Оба мальчика кивнули, едва взглянув на портрет.

– Он, в точности.

Шан медленно выдохнул.

– И что он говорил? – спросил сыщик, изо всех сил стараясь сохранять если и не спокойствие, то хотя бы его видимость.

– Да всякое… отец ведь на радостях так и светился. Всякому встречному-поперечному готов был похвалиться. Ну, тот как услышал, так и давай нести околесицу.

– А все-таки – какую околесицу? Вспомнить можешь?
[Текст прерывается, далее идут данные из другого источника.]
(* Let $X=(X_1,\dots,X_d)$ be a random vector of asset returns with finite, strictly positive variances and correlation matrix $\boldsymbol{\rho}=(\rho_{ij})$. Let $G^{\star}=\{G_1,\dots,G_K\}$ be the partition of $[d]$ into the equivalence classes of the relation $i\sim j \iff \max_{l\neq i,j}|\rho_{il}-\rho_{jl}|=0$. For a selection $J=(J(1),\dots,J(K))$ with $J(k)\in G_k$ for each $k$, let $\boldsymbol{\Sigma}_{J}$ be the $K\times K$ covariance matrix of $(X_{J(1)},\dots,X_{J(K)})$ and define the minimum (no-short-selling) portfolio variance $$\mathrm{Var}_{\min}(P_J):=\min\{\mathbf{w}^{\top}\boldsymbol{\Sigma}_J\mathbf{w}:\ \mathbf{w}\in\mathbb{R}^K,\ \mathbf{w}^{\top}\mathbf{1}=1,\ \mathbf{w}\ge 0\}.$$ Let $J^{*}$ be any selection with $J^{*}(k)\in\operatorname{argmin}_{j\in G_k}\mathrm{Var}(X_j)$ for every $k\in[K]$. Then $\mathrm{Var}_{\min}(P_{J^{*}})\le \mathrm{Var}_{\min}(P_J)$ for every selection $J$, i.e. $J^*$ minimizes $\mathrm{Var}_{\min}(P_J)$ over all selections.
   Context: $[d]=\{1,\dots,d\}$; $\mathbf{1}$ is the all-ones vector and $\mathbf{w}\ge0$ is componentwise. *)

theory Defs
  imports "HOL-Probability.Probability"
begin

definition covar :: "'a measure \<Rightarrow> ('a \<Rightarrow> real) \<Rightarrow> ('a \<Rightarrow> real) \<Rightarrow> real" where
  "covar M Y Z = (LINT \<omega>|M. (Y \<omega> - (LINT \<omega>'|M. Y \<omega>')) * (Z \<omega> - (LINT \<omega>'|M. Z \<omega>')))"

definition corr :: "'a measure \<Rightarrow> ('i \<Rightarrow> 'a \<Rightarrow> real) \<Rightarrow> 'i \<Rightarrow> 'i \<Rightarrow> real" where
  "corr M X i j = covar M (X i) (X j) / sqrt (covar M (X i) (X i) * covar M (X j) (X j))"

text \<open>i ~ j iff max over l different from i,j of |rho_il - rho_jl| is 0
  (maximum over the empty set read as 0).\<close>
definition corr_equiv :: "'a measure \<Rightarrow> ('i \<Rightarrow> 'a \<Rightarrow> real) \<Rightarrow> 'i \<Rightarrow> 'i \<Rightarrow> bool" where
  "corr_equiv M X i j \<longleftrightarrow> (\<forall>l. l \<noteq> i \<and> l \<noteq> j \<longrightarrow> \<bar>corr M X i l - corr M X j l\<bar> = 0)"

definition classes :: "'a measure \<Rightarrow> ('i \<Rightarrow> 'a \<Rightarrow> real) \<Rightarrow> 'i set set" where
  "classes M X = UNIV // {(i, j). corr_equiv M X i j}"

definition is_selection :: "'a measure \<Rightarrow> ('i \<Rightarrow> 'a \<Rightarrow> real) \<Rightarrow> ('i set \<Rightarrow> 'i) \<Rightarrow> bool" where
  "is_selection M X J \<longleftrightarrow> (\<forall>G \<in> classes M X. J G \<in> G)"

definition port_var :: "'a measure \<Rightarrow> ('i \<Rightarrow> 'a \<Rightarrow> real) \<Rightarrow> ('i set \<Rightarrow> 'i) \<Rightarrow> ('i set \<Rightarrow> real) \<Rightarrow> real" where
  "port_var M X J w = (\<Sum>G\<in>classes M X. \<Sum>H\<in>classes M X. w G * w H * covar M (X (J G)) (X (J H)))"

text \<open>Minimum long-only fully invested portfolio variance (the minimum is attained, so Inf = min).\<close>
definition var_min :: "'a measure \<Rightarrow> ('i \<Rightarrow> 'a \<Rightarrow> real) \<Rightarrow> ('i set \<Rightarrow> 'i) \<Rightarrow> real" where
  "var_min M X J = Inf {port_var M X J w | w. (\<forall>G \<in> classes M X. w G \<ge> 0) \<and> (\<Sum>G\<in>classes M X. w G) = 1}"

end

theory Submission
  imports Defs
begin

text \<open>Correlations do not depend on which representative of a class is chosen, so passing from a
  selection J to J* only rescales each asset by a ratio of standard deviations. A weight vector
  w for J becomes w(G) \<sigma>(J G) / \<sigma>(J* G) for J*, with the same portfolio variance; its total
  weight T is at least 1 because \<sigma>(J* G) is minimal, and normalising by T divides the variance
  by T squared.\<close>

lemma integrable_centered_mult:
  assumes "prob_space M"
    and "Y \<in> borel_measurable M" "Z \<in> borel_measurable M"
    and "integrable M (\<lambda>\<omega>. (Y \<omega>)\<^sup>2)" "integrable M (\<lambda>\<omega>. (Z \<omega>)\<^sup>2)"
  shows "integrable M (\<lambda>\<omega>. (Y \<omega> - c) * (Z \<omega> - (d::real)))"
proof -
  interpret prob_space M by fact
  have "integrable M Y" "integrable M Z"
    using assms square_integrable_imp_integrable by blast+
  moreover have "integrable M (\<lambda>\<omega>. Y \<omega> * Z \<omega>)"
  proof (rule Bochner_Integration.integrable_bound)
    show "integrable M (\<lambda>\<omega>. (Y \<omega>)\<^sup>2 + (Z \<omega>)\<^sup>2)" using assms by auto
    show "(\<lambda>\<omega>. Y \<omega> * Z \<omega>) \<in> borel_measurable M" using assms by auto
    have "\<bar>y * z\<bar> \<le> y\<^sup>2 + z\<^sup>2" for y z :: real
      using sum_squares_bound[of y z] sum_squares_bound[of "-y" z] by (auto simp: abs_if)
    then show "AE \<omega> in M. norm (Y \<omega> * Z \<omega>) \<le> norm ((Y \<omega>)\<^sup>2 + (Z \<omega>)\<^sup>2)" by simp
  qed
  ultimately show ?thesis by (simp add: algebra_simps)
qed

lemma covar_sym: "covar M Y Z = covar M Z Y"
  unfolding covar_def by (simp add: mult.commute)

lemma corr_sym: "corr M X i j = corr M X j i"
  unfolding corr_def by (simp add: covar_sym mult.commute)

lemma corr_self: "covar M (X i) (X i) > 0 \<Longrightarrow> corr M X i i = 1"
  unfolding corr_def by simp

lemma covar_eq_corr_mult_sqrt:
  assumes "covar M (X i) (X i) > 0" "covar M (X j) (X j) > 0"
  shows "covar M (X i) (X j) =
    corr M X i j * sqrt (covar M (X i) (X i)) * sqrt (covar M (X j) (X j))"
  using assms unfolding corr_def by (simp add: real_sqrt_mult)

lemma equiv_corr_equiv: "equiv UNIV {(i, j). corr_equiv M X i j}"
proof -
  have trans: "corr_equiv M X i k" if ij: "corr_equiv M X i j" and jk: "corr_equiv M X j k" for i j k
  proof (cases "i = j \<or> j = k \<or> i = k")
    case True
    then show ?thesis using ij jk unfolding corr_equiv_def by auto
  next
    case distinct: False
    have ij': "corr M X i l = corr M X j l" if "l \<noteq> i" "l \<noteq> j" for l
      using ij that unfolding corr_equiv_def by auto
    have jk': "corr M X j l = corr M X k l" if "l \<noteq> j" "l \<noteq> k" for l
      using jk that unfolding corr_equiv_def by auto
    have "corr M X i l = corr M X k l" if "l \<noteq> i" "l \<noteq> k" for l
    proof (cases "l = j")
      case True
      have "corr M X i j = corr M X k i" using jk'[of i] distinct by (metis corr_sym)
      also have "\<dots> = corr M X k j" using ij'[of k] distinct by (metis corr_sym)
      finally show ?thesis using True by simp
    qed (use ij' jk' that in auto)
    then show ?thesis unfolding corr_equiv_def by auto
  qed
  have sym: "corr_equiv M X j i" if "corr_equiv M X i j" for i j
    using that unfolding corr_equiv_def by (simp add: corr_sym)
  have "corr_equiv M X i i" for i
    unfolding corr_equiv_def by simp
  with sym trans show ?thesis
    unfolding equiv_def refl_on_def sym_def trans_def by blast
qed

lemma classes_nonempty: "classes M X \<noteq> {}"
  unfolding classes_def by (simp add: quotient_def)

lemma classes_disjoint:
  "G \<in> classes M X \<Longrightarrow> H \<in> classes M X \<Longrightarrow> G \<noteq> H \<Longrightarrow> G \<inter> H = {}"
  unfolding classes_def using quotient_disj[OF equiv_corr_equiv] by blast

lemma corr_eq_within_class:
  assumes "G \<in> classes M X" "i \<in> G" "j \<in> G" "l \<notin> G"
  shows "corr M X i l = corr M X j l"
proof -
  have "(i, j) \<in> {(i, j). corr_equiv M X i j}"
    using quotient_eq_iff[OF equiv_corr_equiv[of M X], of G G i j] assms unfolding classes_def by simp
  then show ?thesis using assms unfolding corr_equiv_def by auto
qed

lemma corr_selection_eq:
  assumes pos: "\<And>i. covar M (X i) (X i) > 0"
    and "is_selection M X J" "is_selection M X J'"
    and G: "G \<in> classes M X" and H: "H \<in> classes M X"
  shows "corr M X (J' G) (J' H) = corr M X (J G) (J H)"
proof (cases "G = H")
  case True
  then show ?thesis using pos by (simp add: corr_self)
next
  case False
  have "J G \<in> G" "J' G \<in> G" "J H \<in> H" "J' H \<in> H"
    using assms unfolding is_selection_def by auto
  moreover have "G \<inter> H = {}" using classes_disjoint[OF G H False] .
  ultimately have "corr M X (J' G) (J' H) = corr M X (J G) (J' H)"
    and "corr M X (J' H) (J G) = corr M X (J H) (J G)"
    using corr_eq_within_class[OF G, of "J' G" "J G" "J' H"]
      corr_eq_within_class[OF H, of "J' H" "J H" "J G"] by auto
  then show ?thesis by (simp add: corr_sym)
qed

lemma port_var_nonneg:
  assumes "prob_space M"
    and "\<And>i. X i \<in> borel_measurable M"
    and "\<And>i. integrable M (\<lambda>\<omega>. (X i \<omega>)\<^sup>2)"
  shows "port_var M X J w \<ge> 0"
proof -
  define Y where "Y i \<omega> = X i \<omega> - (LINT \<omega>'|M. X i \<omega>')" for i \<omega>
  define C where "C = classes M X"
  have integrable: "integrable M (\<lambda>\<omega>. Y i \<omega> * Y j \<omega>)" for i j
    unfolding Y_def using assms by (intro integrable_centered_mult) auto
  have "port_var M X J w = (\<Sum>G\<in>C. \<Sum>H\<in>C. LINT \<omega>|M. w G * w H * (Y (J G) \<omega> * Y (J H) \<omega>))"
    unfolding port_var_def C_def covar_def Y_def by simp
  also have "\<dots> = (LINT \<omega>|M. (\<Sum>G\<in>C. w G * Y (J G) \<omega>)\<^sup>2)"
    using integrable by (simp add: integral_sum power2_eq_square sum_product algebra_simps)
  finally show ?thesis by simp
qed

lemma port_var_scale: "port_var M X J (\<lambda>G. c * w G) = c\<^sup>2 * port_var M X J w"
  unfolding port_var_def by (simp add: sum_distrib_left power2_eq_square mult_ac)

lemma port_var_change_selection:
  assumes pos: "\<And>i. covar M (X i) (X i) > 0"
    and J: "is_selection M X J" and J': "is_selection M X J'"
  defines "\<sigma> i \<equiv> sqrt (covar M (X i) (X i))"
  shows "port_var M X J' (\<lambda>G. w G * \<sigma> (J G) / \<sigma> (J' G)) = port_var M X J w"
  unfolding port_var_def
proof (intro sum.cong refl)
  fix G H assume G: "G \<in> classes M X" and H: "H \<in> classes M X"
  have \<sigma>_pos: "\<sigma> i > 0" for i using pos unfolding \<sigma>_def by simp
  have covar_J': "covar M (X (J' G)) (X (J' H)) = corr M X (J G) (J H) * \<sigma> (J' G) * \<sigma> (J' H)"
    using covar_eq_corr_mult_sqrt[of M X "J' G" "J' H", OF pos pos] corr_selection_eq[OF pos J J' G H]
    unfolding \<sigma>_def by simp
  have covar_J: "covar M (X (J G)) (X (J H)) = corr M X (J G) (J H) * \<sigma> (J G) * \<sigma> (J H)"
    using covar_eq_corr_mult_sqrt[of M X "J G" "J H", OF pos pos] unfolding \<sigma>_def by simp
  show "w G * \<sigma> (J G) / \<sigma> (J' G) * (w H * \<sigma> (J H) / \<sigma> (J' H)) * covar M (X (J' G)) (X (J' H))
      = w G * w H * covar M (X (J G)) (X (J H))"
    unfolding covar_J covar_J' using \<sigma>_pos[of "J' G"] \<sigma>_pos[of "J' H"] by (simp add: field_simps)
qed

definition long_only_weights :: "'i set set \<Rightarrow> ('i set \<Rightarrow> real) set" where
  "long_only_weights C = {w. (\<forall>G\<in>C. w G \<ge> 0) \<and> (\<Sum>G\<in>C. w G) = 1}"

lemma var_min_eq_Inf: "var_min M X J = Inf (port_var M X J ` long_only_weights (classes M X))"
  unfolding var_min_def long_only_weights_def by (simp add: image_def, metis)

lemma long_only_weights_nonempty:
  assumes "finite C" "C \<noteq> {}"
  shows "long_only_weights C \<noteq> {}"
proof -
  obtain G0 where "G0 \<in> C" using assms by auto
  then have "(\<lambda>G. if G = G0 then 1 else 0) \<in> long_only_weights C"
    using assms by (simp add: long_only_weights_def)
  then show ?thesis by auto
qed

lemma Inf_image_le_if_dominated:
  fixes f g :: "'b \<Rightarrow> 'c::conditionally_complete_lattice"
  assumes "A \<noteq> {}" "bdd_below (f ` B)"
    and "\<And>x. x \<in> A \<Longrightarrow> \<exists>y\<in>B. f y \<le> g x"
  shows "Inf (f ` B) \<le> Inf (g ` A)"
proof (rule cInf_greatest)
  show "g ` A \<noteq> {}" using assms by simp
next
  fix z assume "z \<in> g ` A"
  then obtain x where "x \<in> A" "z = g x" by auto
  then obtain y where "y \<in> B" "f y \<le> z" using assms(3) by auto
  then show "Inf (f ` B) \<le> z" using cInf_lower[OF _ assms(2)] by (meson image_eqI order_trans)
qed

lemma exists_long_only_weights_le:
  assumes P: "prob_space M"
    and meas: "\<And>i. X i \<in> borel_measurable M"
    and sq: "\<And>i. integrable M (\<lambda>\<omega>. (X i \<omega>)\<^sup>2)"
    and pos: "\<And>i. covar M (X i) (X i) > 0"
    and Jstar: "is_selection M X Jstar"
    and min_var: "\<And>G j. G \<in> classes M X \<Longrightarrow> j \<in> G \<Longrightarrow>
            covar M (X (Jstar G)) (X (Jstar G)) \<le> covar M (X j) (X j)"
    and J: "is_selection M X J"
    and w: "w \<in> long_only_weights (classes M X)"
  shows "\<exists>u \<in> long_only_weights (classes M X). port_var M X Jstar u \<le> port_var M X J w"
proof -
  define C where "C = classes M X"
  define \<sigma> where "\<sigma> i = sqrt (covar M (X i) (X i))" for i
  define v where "v G = w G * \<sigma> (J G) / \<sigma> (Jstar G)" for G
  define T where "T = (\<Sum>G\<in>C. v G)"
  have \<sigma>_pos: "\<sigma> i > 0" for i using pos unfolding \<sigma>_def by simp
  have w_nonneg: "w G \<ge> 0" and w_sum: "(\<Sum>G\<in>C. w G) = 1" if "G \<in> C" for G
    using w that unfolding long_only_weights_def C_def by auto
  have w_le_v: "w G \<le> v G" if G: "G \<in> C" for G
  proof -
    have "\<sigma> (Jstar G) \<le> \<sigma> (J G)"
      using min_var J G unfolding \<sigma>_def C_def is_selection_def by simp
    then have "w G * \<sigma> (Jstar G) \<le> w G * \<sigma> (J G)" using w_nonneg[OF G] by (rule mult_left_mono)
    then show ?thesis unfolding v_def using \<sigma>_pos by (simp add: le_divide_eq)
  qed
  have T: "1 \<le> T"
    using sum_mono[of C w v] w_le_v w_sum classes_nonempty unfolding T_def C_def by fastforce
  define u where "u G = v G / T" for G
  have "u G \<ge> 0" if "G \<in> C" for G
    using w_nonneg[OF that] w_le_v[OF that] T unfolding u_def by simp
  moreover have "(\<Sum>G\<in>C. u G) = 1"
    using T unfolding u_def T_def by (simp add: sum_divide_distrib[symmetric])
  ultimately have u: "u \<in> long_only_weights C" unfolding long_only_weights_def by simp
  have "port_var M X Jstar v = port_var M X J w"
    using port_var_change_selection[OF pos J Jstar, of w] unfolding v_def[abs_def] \<sigma>_def .
  then have "port_var M X Jstar u = port_var M X J w / T\<^sup>2"
    using port_var_scale[of M X Jstar "1 / T" v] unfolding u_def by (simp add: power_one_over)
  also have "\<dots> \<le> port_var M X J w"
    using port_var_nonneg[of M X J w, OF P meas sq] one_le_power[OF T, of 2]
    by (simp add: divide_le_eq mult_le_cancel_left1 mult.commute)
  finally show ?thesis using u unfolding C_def by blast
qed

theorem theorem2:
  fixes M :: "'a measure" and X :: "'i::finite \<Rightarrow> 'a \<Rightarrow> real"
    and Jstar J :: "'i set \<Rightarrow> 'i"
  assumes "prob_space M"
    and "\<And>i. X i \<in> borel_measurable M"
    and "\<And>i. integrable M (\<lambda>\<omega>. (X i \<omega>)\<^sup>2)"
    and "\<And>i. covar M (X i) (X i) > 0"
    and "is_selection M X Jstar"
    and "\<And>G j. G \<in> classes M X \<Longrightarrow> j \<in> G \<Longrightarrow>
            covar M (X (Jstar G)) (X (Jstar G)) \<le> covar M (X j) (X j)"
    and "is_selection M X J"
  shows "var_min M X Jstar \<le> var_min M X J"
  unfolding var_min_eq_Inf
proof (rule Inf_image_le_if_dominated)
  show "long_only_weights (classes M X) \<noteq> {}"
    by (rule long_only_weights_nonempty[OF finite classes_nonempty])
  show "bdd_below (port_var M X Jstar ` long_only_weights (classes M X))"
    using port_var_nonneg[of M X Jstar, OF assms(1-3)] by (intro bdd_belowI[where m = 0]) auto
  show "\<exists>u \<in> long_only_weights (classes M X). port_var M X Jstar u \<le> port_var M X J w"
    if "w \<in> long_only_weights (classes M X)" for w
    using exists_long_only_weights_le[OF assms that] .
qed

end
– Могу, – вздохнул Весенний Лист. – Только противно очень.

– А ты все же вспомни.

– Ну… что стать большим человеком – это так хорошо, – неохотно произнес мальчик. – Живешь себе, как душе угодно, и никто тебе не указ. И никто тебе ни в чем прижимку уже не сделает. А тем, кто делал раньше, можно так хвост прищемить, что воем взвоют. За все отплатить и еще с лихвой насыпать.

Шан так и закаменел лицом.

Ничего не скажешь, удар был нацелен метко. Со знанием дела. Есть чего испугаться. Мучила пасынка? Ужо тебе отольется. Вот только войдет он в возраст, вот только плюхнется на его ненавистную голову предсказанная слава – тут-то он тебе все и припомнит. До последней малости.

Другая на месте мачехи с перепугу притихла бы. Может, даже попыталась примириться с пасынком. Так то – другая. Бирюзовый Браслет со страху просто обезумела.

И – началось…

Не успел купец отбыть в очередную поездку по торговым делам, а мачеха буквально сорвалась с цепи. Теперь уже на пощечины и зуботычины счет даже не шел. Теперь мачеха не расставалась с бамбуковой тростью в серебряных накладках, которую заказала себе когда-то для пущей изысканности. Вот трость и пригодилась. И даже крики и мольбы родного сына уже не могли ее остановить.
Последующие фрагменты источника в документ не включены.